That strangling grip held for a few, tense seconds.
Until another voice cut through it all. Coming from above and below. From my left and my right. From the shadows of the trees out in the distance, and from right behind my ears.
“Halkon is sweet.”
The words sent goose prickles up my spine. A deep, resonating terror overtaking the dread in my belly.
My Shifter instincts roiled. Blaring out to me and begging me to move. To flee.
I struggled harder against my bindings, despite knowing how futile it all was.
My body simply couldn’t help itself then. Not when all the other monster in the island seemed to be fleeing out into the skies. My nose catching the scent of monkeys and tigers as they whirled around and disappeared deeper into the jungle or even out towards the blackened, brackish waters of the seas.

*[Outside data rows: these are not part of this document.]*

(* Every 2-local derivation of a finite dimensional formally real exceptional simple Jordan algebra $\mathcal{A}$ is a derivation.
   Context: A real Jordan algebra is formally real if $\sum_i a_i^2=0$ (finite sum) implies each $a_i=0$. Exceptional means not special, i.e. not isomorphic to a Jordan subalgebra of $R^+$ (with product $\frac12(ab+ba)$) for an associative algebra $R$. A derivation is a linear map $D$ with $D(xy)=D(x)y+xD(y)$. A 2-local derivation is a map $\Delta$ (not assumed linear) such that for every $x,y$ there is a derivation $D_{x,y}$ with $\Delta(x)=D_{x,y}(x)$, $\Delta(y)=D_{x,y}(y)$. *)

theory Defs
  imports Complex_Main
begin

definition jordan_algebra :: "('a::real_vector \<Rightarrow> 'a \<Rightarrow> 'a) \<Rightarrow> bool" where
  "jordan_algebra mult \<longleftrightarrow>
     (\<forall>x y z. mult (x + y) z = mult x z + mult y z) \<and>
     (\<forall>c x y. mult (c *\<^sub>R x) y = c *\<^sub>R mult x y) \<and>
     (\<forall>x y. mult x y = mult y x) \<and>
     (\<forall>x y. mult (mult x y) (mult x x) = mult x (mult y (mult x x)))"

definition finite_dim_space :: "'a::real_vector itself \<Rightarrow> bool" where
  "finite_dim_space _ \<longleftrightarrow> (\<exists>B::'a set. finite B \<and> span B = UNIV)"

definition formally_real :: "('a::real_vector \<Rightarrow> 'a \<Rightarrow> 'a) \<Rightarrow> bool" where
  "formally_real mult \<longleftrightarrow>
     (\<forall>(n::nat) (a::nat \<Rightarrow> 'a). (\<Sum>i<n. mult (a i) (a i)) = 0 \<longrightarrow> (\<forall>i<n. a i = 0))"

definition jordan_ideal :: "('a::real_vector \<Rightarrow> 'a \<Rightarrow> 'a) \<Rightarrow> 'a set \<Rightarrow> bool" where
  "jordan_ideal mult I \<longleftrightarrow> subspace I \<and> (\<forall>x y. y \<in> I \<longrightarrow> mult x y \<in> I)"

definition simple_jordan :: "('a::real_vector \<Rightarrow> 'a \<Rightarrow> 'a) \<Rightarrow> bool" where
  "simple_jordan mult \<longleftrightarrow>
     (\<exists>x y. mult x y \<noteq> 0) \<and>
     (\<forall>I. jordan_ideal mult I \<longrightarrow> I = {0} \<or> I = UNIV)"

definition assoc_real_algebra ::
  "'r set \<Rightarrow> ('r \<Rightarrow> 'r \<Rightarrow> 'r) \<Rightarrow> (real \<Rightarrow> 'r \<Rightarrow> 'r) \<Rightarrow> ('r \<Rightarrow> 'r \<Rightarrow> 'r) \<Rightarrow> 'r \<Rightarrow> bool" where
  "assoc_real_algebra S add sc mul z \<longleftrightarrow>
     z \<in> S \<and>
     (\<forall>x\<in>S. \<forall>y\<in>S. add x y \<in> S \<and> mul x y \<in> S) \<and>
     (\<forall>c. \<forall>x\<in>S. sc c x \<in> S) \<and>
     (\<forall>x\<in>S. \<forall>y\<in>S. \<forall>w\<in>S. add (add x y) w = add x (add y w)) \<and>
     (\<forall>x\<in>S. \<forall>y\<in>S. add x y = add y x) \<and>
     (\<forall>x\<in>S. add z x = x) \<and>
     (\<forall>x\<in>S. \<exists>y\<in>S. add x y = z) \<and>
     (\<forall>c. \<forall>x\<in>S. \<forall>y\<in>S. sc c (add x y) = add (sc c x) (sc c y)) \<and>
     (\<forall>c d. \<forall>x\<in>S. sc (c + d) x = add (sc c x) (sc d x)) \<and>
     (\<forall>c d. \<forall>x\<in>S. sc c (sc d x) = sc (c * d) x) \<and>
     (\<forall>x\<in>S. sc 1 x = x) \<and>
     (\<forall>x\<in>S. \<forall>y\<in>S. \<forall>w\<in>S. mul (add x y) w = add (mul x w) (mul y w)) \<and>
     (\<forall>x\<in>S. \<forall>y\<in>S. \<forall>w\<in>S. mul w (add x y) = add (mul w x) (mul w y)) \<and>
     (\<forall>c. \<forall>x\<in>S. \<forall>y\<in>S. mul (sc c x) y = sc c (mul x y) \<and> mul x (sc c y) = sc c (mul x y)) \<and>
     (\<forall>x\<in>S. \<forall>y\<in>S. \<forall>w\<in>S. mul (mul x y) w = mul x (mul y w))"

None of them could swim, but it seemed like they didn’t care.
“Halkon is meat.” The voice repeated.
I felt cold then. My bones being suffused with a chill that threatened to freeze me solid. Leaving nothing but a statute behind.
Over in the corners of my vision, I saw that all the men and women were paralyzed as well. Their muscles taught as they watched the fires change color until the billowing orange embers turned into a sickly green mixed with hues of purple, blue, red, gold and silver.
Yet, the flames made no sound as they changed.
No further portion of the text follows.